Excellent score. Super streamlines have such wonderful lines. Would be interesting to see that red paint under the black. Be sure to post when you do clean. Congratulations.


----------



## RJWess (Aug 26, 2014)

Wow!!!! It doesn’t get much better. Beautiful bike, love the streamlines. I will pay you triple what you paid.


----------



## carlitos60 (Aug 26, 2014)

*Easy to Say!!!*



RJWess said:


> Wow!!!! It doesn’t get much better. Beautiful bike, love the streamlines. I will pay you triple what you paid.




Easy to Say!!!

You know that he did not pay more than $100; So in that case, I'll offer 5 times what he Paid!!!

lol


----------



## 41rollfast (Aug 26, 2014)

The bike almost brings a tear to your eye, very very nice bike. 
Good luck if you try taking off the black over coat hope the origional paint comes out swell.


----------



## Oldnut (Aug 26, 2014)

stoney said:


> Excellent score. Super streamlines have such wonderful lines. Would be interesting to see that red paint under the black. Be sure to post when you do clean.

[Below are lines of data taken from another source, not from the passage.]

(* Let $h\ge 1$ be an integer and let $O$ be a finite set of next hops with $\delta=|O|$ and probability distribution $(p_o)_{o\in O}$. Let $T$ be the complete binary trie of height $h$ whose $2^h$ leaves are labeled independently, each leaf receiving next hop $o$ with probability $p_o$. Let $D$ be the DAG obtained from $T$ by trie-folding, and for $1\le j\le h$ let $V^j_D$ be the set of nodes of $D$ at level $j$. Then for every $1\le j\le h$, \[E(|V^j_D|) \leq \min\left\{\frac{H_O}{h-j} 2^{h} + 3,\ 2^{h-j},\ \delta^{2^j} \right\},\] where $H_O=\sum_{o\in O} p_o\log_2\frac{1}{p_o}$, and the first term is interpreted as $+\infty$ when $j=h$.
   Context: Levels: the level of a node of $T$ is $h$ minus its distance (number of edges) from the root, so the root has level $h$, the leaves have level $0$, and level $j$ contains $2^{h-j}$ nodes, each being the root of a subtrie of height $j$ with $2^j$ labeled leaves. Trie-folding: two nodes of $T$ are merged whenever the subtries rooted at them are identical, i.e. have the same structure and the same sequence of next-hop labels at their leaves; the result is a DAG $D$ in which each distinct labeled subtrie is represented once. Thus the nodes of $D$ at level $j$ correspond to the distinct leaf-label strings of length $2^j$ occurring among the $2^{h-j}$ subtries rooted at level $j$. Terms with $p_o=0$ contribute $0$ to $H_O$. *)

theory Defs
  imports Complex_Main "HOL-Library.FuncSet"
begin

text \<open>A labeling of the 2^h leaves (indexed 0..2^h-1, left to right) of the complete
binary trie of height h by next hops.  The subtrie rooted at the m-th node of level j
(m < 2^(h-j)) has leaf-label string lbl[m*2^j ..< (m+1)*2^j].  After trie-folding, the
nodes of D at level j correspond to the distinct such strings.\<close>

definition subtrie_string :: "nat \<Rightarrow> (nat \<Rightarrow> 'a) \<Rightarrow> nat \<Rightarrow> 'a list" where
  "subtrie_string j lbl m = map lbl [m * 2^j ..< (m + 1) * 2^j]"

definition folded_level_nodes :: "nat \<Rightarrow> nat \<Rightarrow> (nat \<Rightarrow> 'a) \<Rightarrow> 'a list set" where
  "folded_level_nodes h j lbl = subtrie_string j lbl ` {..< 2^(h - j)}"

definition labeling_prob :: "nat \<Rightarrow> ('a \<Rightarrow> real) \<Rightarrow> (nat \<Rightarrow> 'a) \<Rightarrow> real" where
  "labeling_prob h p lbl = (\<Prod>i<2^h. p (lbl i))"

definition expected_level_nodes :: "nat \<Rightarrow> nat \<Rightarrow> 'a set \<Rightarrow> ('a \<Rightarrow> real) \<Rightarrow> real" where
  "expected_level_nodes h j Hops p =
     (\<Sum>lbl \<in> ({..<2^h} \<rightarrow>\<^sub>E Hops). labeling_prob h p lbl * real (card (folded_level_nodes h j lbl)))"

definition entropy :: "'a set \<Rightarrow> ('a \<Rightarrow> real) \<Rightarrow> real" where
  "entropy Hops p = (\<Sum>x\<in>Hops. if p x = 0 then 0 else p x * log 2 (1 / p x))"

end

theory Submission
  imports Defs "HOL-Analysis.Convex"
begin

text \<open>The nodes of level \<open>j\<close> of the folded trie are the distinct strings among the
\<open>2^(h-j)\<close> subtrie strings, each a word of length \<open>2^j\<close> over the next hops; counting subtries
resp. words gives the last two bounds. For the entropy bound, a word \<open>s\<close> of probability \<open>q s\<close>
occurs at level \<open>j\<close> with probability at most \<open>min 1 (2^(h-j) * q s)\<close>, and
\<open>min 1 (2^L * q) \<le> 2^L * q * log 2 (1/q) / L + q\<close>. Summing over all words, the entropy of
\<open>2^j\<close> independent labels is \<open>2^j * H_O\<close>, so the expectation is at most
\<open>H_O / (h-j) * 2^h + 1\<close>.\<close>

definition entropy_term :: "real \<Rightarrow> real" where
  "entropy_term x = (if x = 0 then 0 else x * log 2 (1 / x))"

lemma entropy_eq_sum_entropy_term: "entropy A p = (\<Sum>x\<in>A. entropy_term (p x))"
  by (simp add: entropy_def entropy_term_def)

lemma entropy_term_mult:
  assumes "0 \<le> x" "0 \<le> y"
  shows "entropy_term (x * y) = y * entropy_term x + x * entropy_term y"
proof (cases "x = 0 \<or> y = 0")
  case False
  with assms have "x > 0" "y > 0" by auto
  then have "log 2 (1 / (x * y)) = log 2 (1 / x) + log 2 (1 / y)"
    by (simp add: log_recip log_mult_pos)
  with \<open>x > 0\<close> \<open>y > 0\<close> show ?thesis
    by (simp add: entropy_term_def algebra_simps)
qed (auto simp: entropy_term_def)

definition words :: "'a set \<Rightarrow> nat \<Rightarrow> 'a list set" where
  "words A n = {xs. set xs \<subseteq> A \<and> length xs = n}"

lemma finite_words: "finite A \<Longrightarrow> finite (words A n)"
  by (simp add: words_def finite_lists_length_eq)

lemma card_words: "finite A \<Longrightarrow> card (words A n) = card A ^ n"
  by (simp add: words_def card_lists_length_eq)

lemma words_0: "words A 0 = {[]}"
  by (auto simp: words_def)

lemma sum_words_Suc:
  assumes "finite A"
  shows "(\<Sum>xs\<in>words A (Suc n). f xs) = (\<Sum>xs\<in>words A n. \<Sum>a\<in>A. f (a # xs))"
  unfolding words_def lists_length_Suc_eq
  by (subst sum.reindex) (auto simp: inj_on_def sum.cartesian_product case_prod_unfold)

lemma sum_words_prod_list:
  fixes p :: "'a \<Rightarrow> 'b :: comm_semiring_1"
  assumes "finite A"
  shows "(\<Sum>xs\<in>words A n. prod_list (map p xs)) = sum p A ^ n"
proof (induction n)
  case 0
  then show ?case by (simp add: words_0)
next
  case (Suc n)
  then show ?case
    by (simp add: sum_words_Suc[OF assms] sum_distrib_left[symmetric] sum_distrib_right[symmetric]
        mult.commute)
qed

lemma prod_list_map_nonneg:
  fixes p :: "'a \<Rightarrow> 'b :: linordered_semidom"
  assumes "\<And>a. a \<in> A \<Longrightarrow> 0 \<le> p a" "xs \<in> words A n"
  shows "0 \<le> prod_list (map p xs)"
  using assms by (fastforce simp: words_def intro!: prod_list_nonneg)

lemma entropy_words:
  assumes "finite A" "\<And>a. a \<in> A \<Longrightarrow> 0 \<le> p a" "sum p A = 1"
  shows "entropy (words A n) (\<lambda>xs. prod_list (map p xs)) = n * entropy A p"
proof (induction n)
  case 0
  then show ?case by (simp add: words_0 entropy_eq_sum_entropy_term entropy_term_def)
next
  case (Suc n)
  let ?Q = "\<lambda>xs. prod_list (map p xs)"
  have "entropy_term (?Q (a # xs)) = ?Q xs * entropy_term (p a) + p a * entropy_term (?Q xs)"
    if "xs \<in> words A n" "a \<in> A" for xs a
    using entropy_term_mult[OF assms(2)[OF that(2)] prod_list_map_nonneg[OF assms(2) that(1)]]
    by simp
  then have "entropy (words A (Suc n)) ?Q
      = (\<Sum>xs\<in>words A n. \<Sum>a\<in>A. ?Q xs * entropy_term (p a) + p a * entropy_term (?Q xs))"
    unfolding entropy_eq_sum_entropy_term sum_words_Suc[OF assms(1)] by simp
  also have "\<dots> = (\<Sum>xs\<in>words A n. ?Q xs * entropy A p + entropy_term (?Q xs))"
    by (simp add: sum.distrib entropy_eq_sum_entropy_term sum_distrib_left
        sum_distrib_right[symmetric] assms(3))
  also have "\<dots> = entropy A p + n * entropy A p"
    using Suc.IH by (simp add: sum.distrib sum_distrib_right[symmetric] sum_words_prod_list
        assms entropy_eq_sum_entropy_term)
  finally show ?case by (simp add: algebra_simps)
qed

lemma log_ge_chord:
  fixes x N :: real
  assumes "1 \<le> x" "x \<le> N" "1 < N"
  shows "log 2 N * (x - 1) / (N - 1) \<le> log 2 x"
proof -
  have "concave_on {1..N} (log 2)"
    using log_concave[of 2] unfolding concave_on_def
    by (rule convex_on_subset) auto
  from concave_onD_Icc'[OF this] assms show ?thesis
    by simp
qed

text \<open>For \<open>q \<le> 2^-L\<close> we have \<open>log 2 (1/q) \<ge> L\<close>; for larger \<open>q\<close>, the chord of the concave
\<open>log 2\<close> on \<open>[1, 2^L]\<close> at \<open>x = 1/q\<close> bounds \<open>1 - q\<close>.\<close>

lemma min_one_le_entropy_term:
  fixes q :: real and L :: nat
  assumes "0 \<le> q" "q \<le> 1" "1 \<le> L"
  shows "min 1 (2^L * q) \<le> 2^L * entropy_term q / L + q"
proof -
  define N :: real where "N = 2^L"
  have "N > 1" using assms by (simp add: N_def)
  have log_N: "log 2 N = L" by (simp add: N_def)
  consider "q = 0" | "0 < q" "q \<le> 1 / N" | "1 / N < q" using assms by fastforce
  then show ?thesis
  proof cases
    case 1
    then show ?thesis by (simp add: entropy_term_def)
  next
    case 2
    then have "log 2 N \<le> log 2 (1 / q)" using \<open>N > 1\<close> by (simp add: field_simps)
    then have "N * q * 1 \<le> N * q * (log 2 (1 / q) / L)"
      using 2 \<open>N > 1\<close> assms log_N by (intro mult_left_mono) auto
    then show ?thesis using 2 by (simp add: entropy_term_def N_def field_simps)
  next
    case 3
    define x where "x = 1 / q"
    have "0 < 1 / N" using \<open>N > 1\<close> by simp
    with 3 have "q > 0" by linarith
    then have "1 \<le> x" "x \<le> N"
      using 3 assms \<open>N > 1\<close> by (auto simp: x_def field_simps)
    have "1 - q \<le> N * q * (x - 1) / (N - 1)"
      using \<open>N > 1\<close> \<open>q > 0\<close> assms by (simp add: x_def field_simps)
    also have "\<dots> = N * q * (log 2 N * (x - 1) / (N - 1)) / L"
      using assms by (simp add: log_N)
    also have "\<dots> \<le> N * q * log 2 x / L"
      using log_ge_chord[OF \<open>1 \<le> x\<close> \<open>x \<le> N\<close> \<open>N > 1\<close>] \<open>q > 0\<close> \<open>N > 1\<close>
      by (intro divide_right_mono mult_left_mono) auto
    finally show ?thesis using \<open>q > 0\<close> by (simp add: entropy_term_def x_def N_def)
  qed
qed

Congratulations.




Red paint wow that will answer a lot of questions


----------



## bricycle (Aug 26, 2014)

unless I'm missing something (totally possible) we have no idea what he paid... besides that betwix him and da cellar....


----------



## THE STIG (Aug 26, 2014)

carlitos60 said:


> Easy to Say!!!
> 
> You know that he did not pay more than $100; So in that case, I'll offer 5 times what he Paid!!!
> 
> lol




DOSEN'T MATTER WHAT HE PAID .


----------



## Dave Stromberger (Aug 26, 2014)

Wow is right!  Interesting to see the pinch-top fork on this one.


----------



## hoofhearted (Aug 26, 2014)

*XXXXXXX*


*Don ... if you decide to part this ride out .. please e-mail me ... thanks ...*


Just Kidding ....... if anyone has the best good fortune finding the impossible stuff -- IT'S YOU, DON !!

patric





================
================


----------



## Obi-Wan Schwinnobi (Aug 26, 2014)

Will this be the month of the scores?


----------



## rollfaster (Aug 26, 2014)

*Looks to be that way...*



Obi-Wan Schwinnobi said:


> Will this be the month of the scores?




So far so good. Let's keep it up!


----------



## npence (Aug 26, 2014)

Good to see these rare bikes can still be found.


----------



## Flat Tire (Aug 26, 2014)

Thanks guys! I'm still pinching myself..........just glad these old bikes are still out there!
Gonna get some tires on it this weekend, My shoulders are still sore from carrying it to my van at the auction.....:eek:


----------



## Obi-Wan Schwinnobi (Aug 26, 2014)

Flat Tire said:


> Thanks guys! I'm still pinching myself..........just glad these old bikes are still out there!
> Gonna get some tires on it this weekend, My shoulders are still sore from carrying it to my van at the auction.....:eek:



Pfffff... my sholda hewtz..... nice score ... I'll send you some icy hot lol


----------



## bikewhorder (Aug 26, 2014)

Flat Tire said:


> Thanks guys! I'm still pinching myself..........just glad these old bikes are still out there!
> Gonna get some tires on it this weekend, My shoulders are still sore from carrying it to my van at the auction.....:eek:




Were you holding it over your head and running victory laps around the parking lot? Because that's what I would have done.


----------



## Obi-Wan Schwinnobi (Aug 26, 2014)

bikewhorder said:


> Were you holding it over your head and running victory laps around the parking lot? Because that's what I would have done.



+1......


----------



## THEGOLDENGREEK (Aug 26, 2014)

Woow Congratulations on a very fine score indeed probably great find of the year for sure in my opinion.... Love to see new finds like this there still out there!!


----------



## kccomet (Aug 26, 2014)

what a great bike. i love the lines and flow of these frames. theres few sleeper auctions and sales these days with the internet and people networking deals,looks like this was an exception on an exceptional bike


----------



## bentwoody66 (Aug 26, 2014)

Just letting you know that tha bike isn't original! It has a side and a drop stand. Congrats on keeping that one on the down low Don. I'm glad someone who will leave it crusty got it.


----------



## cyclingday (Aug 26, 2014)

I'm kind of amazed that Mr. Fleetwood has not chimed in on this one yet.
Maybe he's been stunned into silence. Or, maybe his allegiance has shifted. Rumor has it, that he's been seen riding a Shelby lately.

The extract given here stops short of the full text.